The shifter nodded and guided the injured male from the room. He trusted his security to keep the lion quiet until his family could be contacted.

“Anything stored in here?” Kaine asked the remaining males.

His gaze swept the room again. The place was an old abandoned ice cream shop that the guild used to store bodies when needed and these idiots were hanging out like it was a hookah lounge.

“Whose idea was this?”

The remaining males eyed each other before the older one stepped forward. “We met the lion at a club last night and it was his idea to come back here.”

“And how did he know about this location?”

They both shrugged, but the guilt was in their eyes.

“Y’all some talking motherfuckers,” Griff snapped before leaving the room to check the other areas.

“Once ol’ boy started shouting about who his grandfather was, I figured we needed to call someone,” one of the males said.

“And who did you call?” Kaine rolled his shoulders, hoping his tiger wouldn’t buck out of his control.

“I called my Jack and told him there was a problem that needed to go up to Drew,” the male answered.

“And did you tell the Jack details about the male’s identity?”

The male’s answer would determine how far they would have to go today.

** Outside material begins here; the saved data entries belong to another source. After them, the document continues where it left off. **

lemma length_filter_concat_replicate:
  "length (filter P (concat (map (\<lambda>(n, a). replicate n a) xs)))
     = sum_list (map fst (filter (\<lambda>(n, a). P a) xs))"
  by (induction xs) auto

(* As ker A^(n+1) = ker A, the kernel of A is its whole generalised 0-eigenspace. *)
lemma kernel_dim_eq_card_zero_diag:
  fixes A :: "'a::field mat"
  assumes A: "A \<in> carrier_mat n n"
    and index_le_1: "\<forall>v\<in>carrier_vec n. A *\<^sub>v (A *\<^sub>v v) = 0\<^sub>v n \<longrightarrow> A *\<^sub>v v = 0\<^sub>v n"
    and jnf: "jordan_nf A n_as"
  shows "kernel_dim A = card {i. i < n \<and> jordan_matrix n_as $$ (i, i) = 0}"
proof -
  let ?J = "jordan_matrix n_as"
  let ?zero_blocks = "map fst [(m, e)\<leftarrow>n_as. e = 0]"
  from jnf obtain P Q where "similar_mat_wit A ?J P Q"
    unfolding jordan_nf_def similar_mat_def by auto
  from similar_mat_witD2[OF A this] have "?J \<in> carrier_mat n n" by auto
  then have n: "sum_list (map fst n_as) = n" by auto
  have char: "char_matrix A 0 = A"
    using A by (intro eq_matI) (auto simp: char_matrix_def)
  have "kernel_dim A = kernel_dim (A ^\<^sub>m Suc n)"
    using mat_kernel_pow_Suc[OF A index_le_1]
    by (intro kernel_dim_cong[OF A pow_carrier_mat[OF A]]) simp
  also have "A ^\<^sub>m Suc n = char_matrix A 0 ^\<^sub>m Suc n"
    using char by simp
  also have "kernel_dim \<dots> = (\<Sum>m\<leftarrow>?zero_blocks. min (Suc n) m)"
    unfolding dim_gen_eigenspace_def[symmetric] by (rule dim_gen_eigenspace[OF jnf])
  also have "\<dots> = sum_list ?zero_blocks"
  proof -
    have "min (Suc n) m = m" if "m \<in> set ?zero_blocks" for m
    proof -
      have "m \<in> set (map fst n_as)" using that by auto
      then show ?thesis using member_le_sum_list[of m "map fst n_as"] n by simp
    qed
    then have "map (min (Suc n)) ?zero_blocks = ?zero_blocks"
      by (rule map_idI)
    then show ?thesis by (rule arg_cong)
  qed
  also have "\<dots> = length (filter (\<lambda>x. x = 0) (diag_mat ?J))"
    using length_filter_concat_replicate[of "\<lambda>x. x = 0" n_as]
    by (simp add: diag_mat_jordan_matrix)
  also have "\<dots> = card {i. i < n \<and> ?J $$ (i, i) = 0}"
    unfolding length_filter_conv_card
    by (intro arg_cong[where f = card]) (auto simp: diag_mat_def n)
  finally show ?thesis .
qed

lemma fl_coeff_esym_nonzero_eigenvalues:
  fixes A :: "complex mat"
  assumes A: "A \<in> carrier_mat n n"
    and index_le_1: "\<forall>v\<in>carrier_vec n. A *\<^sub>v (A *\<^sub>v v) = 0\<^sub>v n \<longrightarrow> A *\<^sub>v v = 0\<^sub>v n"
  obtains Z ev where "finite (Z :: nat set)" and "vec_space.rank n A = card Z"
    and "\<And>i. i \<in> Z \<Longrightarrow> (ev i :: complex) \<noteq> 0"
    and "\<And>k. fl_coeff n A (Suc k) = (-1)^k * esym ev Z (Suc k)"
proof -
  obtain as where "char_poly A = (\<Prod>a\<leftarrow>as. [:- a, 1:])"
    using char_poly_factorized[OF A] by auto
  from jordan_nf_exists[OF A this] obtain n_as where jnf: "jordan_nf A n_as" by auto
  let ?J = "jordan_matrix n_as"
  from jnf obtain P Q where wit: "similar_mat_wit A ?J P Q"
    unfolding jordan_nf_def similar_mat_def by auto
  from similar_mat_witD2[OF A wit] have J: "?J \<in> carrier_mat n n" by auto
  have uJ: "upper_triangular ?J"
    using jordan_matrix_upper_triangular[of _ n_as] jordan_matrix_carrier[of n_as]
    by (intro upper_triangularI) auto
  define ev where "ev i = ?J $$ (i, i)" for i
  define Z where "Z = {i \<in> {0..<n}. ev i \<noteq> 0}"
  have "card ({i. i < n \<and> ev i = 0} \<union> Z) = card {i. i < n \<and> ev i = 0} + card Z"
    by (rule card_Un_disjoint) (auto simp: Z_def)
  moreover have "{i. i < n \<and> ev i = 0} \<union> Z = {0..<n}"
    by (auto simp: Z_def)
  ultimately have "card {i. i < n \<and> ev i = 0} + card Z = n" by simp
  then have rank: "vec_space.rank n A = card Z"
    using rank_plus_kernel_dim[OF A] kernel_dim_eq_card_zero_diag[OF A index_le_1 jnf]
    unfolding ev_def by simp
  have coeff: "fl_coeff n A (Suc k) = (-1)^k * esym ev Z (Suc k)" for k
    unfolding fl_coeff_similar[OF wit A] fl_coeff_upper_triangular[OF J uJ] Z_def ev_def
    by (subst esym_restrict_nonzero) simp_all
  show ?thesis
  proof (rule that)
    show "finite Z" by (simp add: Z_def)
    show "ev i \<noteq> 0" if "i \<in> Z" for i using that by (simp add: Z_def)
  qed (rule rank, rule coeff)
qed

lemma fl_coeff_above_rank:
  fixes A :: "complex mat"
  assumes A: "A \<in> carrier_mat n n"
    and index_le_1: "\<forall>v\<in>carrier_vec n. A *\<^sub>v (A *\<^sub>v v) = 0\<^sub>v n \<longrightarrow> A *\<^sub>v v = 0\<^sub>v n"
    and j: "vec_space.rank n A < j"
  shows "fl_coeff n A j = 0"
proof (rule fl_coeff_esym_nonzero_eigenvalues[OF A index_le_1])
  fix Z ev assume Z: "finite Z" "vec_space.rank n A = card Z" and "\<And>i. i \<in> Z \<Longrightarrow> ev i \<noteq> 0"
    and coeff: "\<And>k. fl_coeff n A (Suc k) = (-1)^k * esym ev Z (Suc k)"
  obtain k where k: "j = Suc k" using j by (cases j) auto
  show ?thesis
    unfolding k coeff using esym_eq_0_if_card_less[OF Z(1)] j Z(2) k by simp
qed

lemma fl_coeff_rank_nonzero:
  fixes A :: "complex mat"
  assumes A: "A \<in> carrier_mat n n"
    and index_le_1: "\<forall>v\<in>carrier_vec n. A *\<^sub>v (A *\<^sub>v v) = 0\<^sub>v n \<longrightarrow> A *\<^sub>v v = 0\<^sub>v n"
    and r: "vec_space.rank n A \<ge> 1"
  shows "fl_coeff n A (vec_space.rank n A) \<noteq> 0"
proof (rule fl_coeff_esym_nonzero_eigenvalues[OF A index_le_1])
  fix Z ev assume Z: "finite Z" "vec_space.rank n A = card Z" and nz: "\<And>i. i \<in> Z \<Longrightarrow> ev i \<noteq> 0"
    and coeff: "\<And>k. fl_coeff n A (Suc k) = (-1)^k * esym ev Z (Suc k)"
  obtain k where k: "card Z = Suc k" using r Z(2) by (cases "card Z") auto
  have "esym ev Z (card Z) \<noteq> 0"
    unfolding esym_card[OF Z(1)] using Z(1) nz by simp
  then show ?thesis unfolding Z(2) k coeff by simp
qed

lemma rank_eq_last_nonzero_coeff:
  fixes c :: "nat \<Rightarrow> 'a::zero"
  assumes "r \<le> n" and above: "\<And>j. r < j \<Longrightarrow> c j = 0" and at: "1 \<le> r \<Longrightarrow> c r \<noteq> 0"
    and k: "1 \<le> k" "k \<le> n" "c k \<noteq> 0" and tail: "\<forall>j\<in>{k+1..n}. c j = 0"
  shows "r = k"
proof (rule ccontr)
  assume "r \<noteq> k"
  then consider "r < k" | "k < r" by linarith
  then show False
  proof cases
    case 1
    then show False using above k by simp
  next
    case 2
    then show False using at tail \<open>r \<le> n\<close> by auto
  qed
qed

definition mat_unit :: "nat \<Rightarrow> nat \<Rightarrow> nat \<Rightarrow> 'a::{zero, one} mat" where
  "mat_unit n i j = mat n n (\<lambda>(k, l). if k = i \<and> l = j then 1 else 0)"

lemma commute_mat_unit_entry:
  fixes D :: "'a::comm_ring_1 mat"
  assumes D: "D \<in> carrier_mat n n" and ij: "i < n" "j < n" and k: "k < n"
    and comm: "D * mat_unit n i j = mat_unit n i j * D"
  shows "D $$ (k, i) = (if k = i then D $$ (j, j) else 0)"
proof -
  have E: "mat_unit n i j \<in> carrier_mat n n" unfolding mat_unit_def by simp
  have "(D * mat_unit n i j) $$ (k, j) = (\<Sum>l\<in>{0..<n}. if l = i then D $$ (k, i) else 0)"
    unfolding mat_mult_index[OF D E k ij(2)]
    by (intro sum.cong refl) (auto simp: mat_unit_def ij)
  moreover have "(mat_unit n i j * D) $$ (k, j)
      = (\<Sum>l\<in>{0..<n}. if l = j then (if k = i then D $$ (j, j) else 0) else 0)"
    unfolding mat_mult_index[OF E D k ij(2)]
    by (intro sum.cong refl) (auto simp: mat_unit_def ij k)
  ultimately show ?thesis using comm ij by simp
qed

“Just that we had a situation with an Ace,” he answered, sealing his and everyone else’s fate. “Kaine, man, it won’t happen again.”

“I don’t want to hear it actually,” Kaine told him, nodding at Griff once his head of security re-entered the room. “Phones.”

With shaking hands, the remaining males pulled out their phones and handed them to Griff as he passed.

Griff opened the door for Kaine and the young shifters in the room released the breaths they had been holding.

Kaine turned his back on them and headed toward the door, shaking his head at their foolishness.

Knowing confidential information about the Aces was a death sentence.

“Make sure the phones are swept,” Kaine ordered Griff as they got back into the SUV.

He spotted his men slinking from the side of the building where they’d been planting explosives. The ice cream shop was now compromised. Leaving it exposed posed a liability, and Kaine didn’t deal in liabilities. By the time they pulled out of the parking lot, the building was exploding.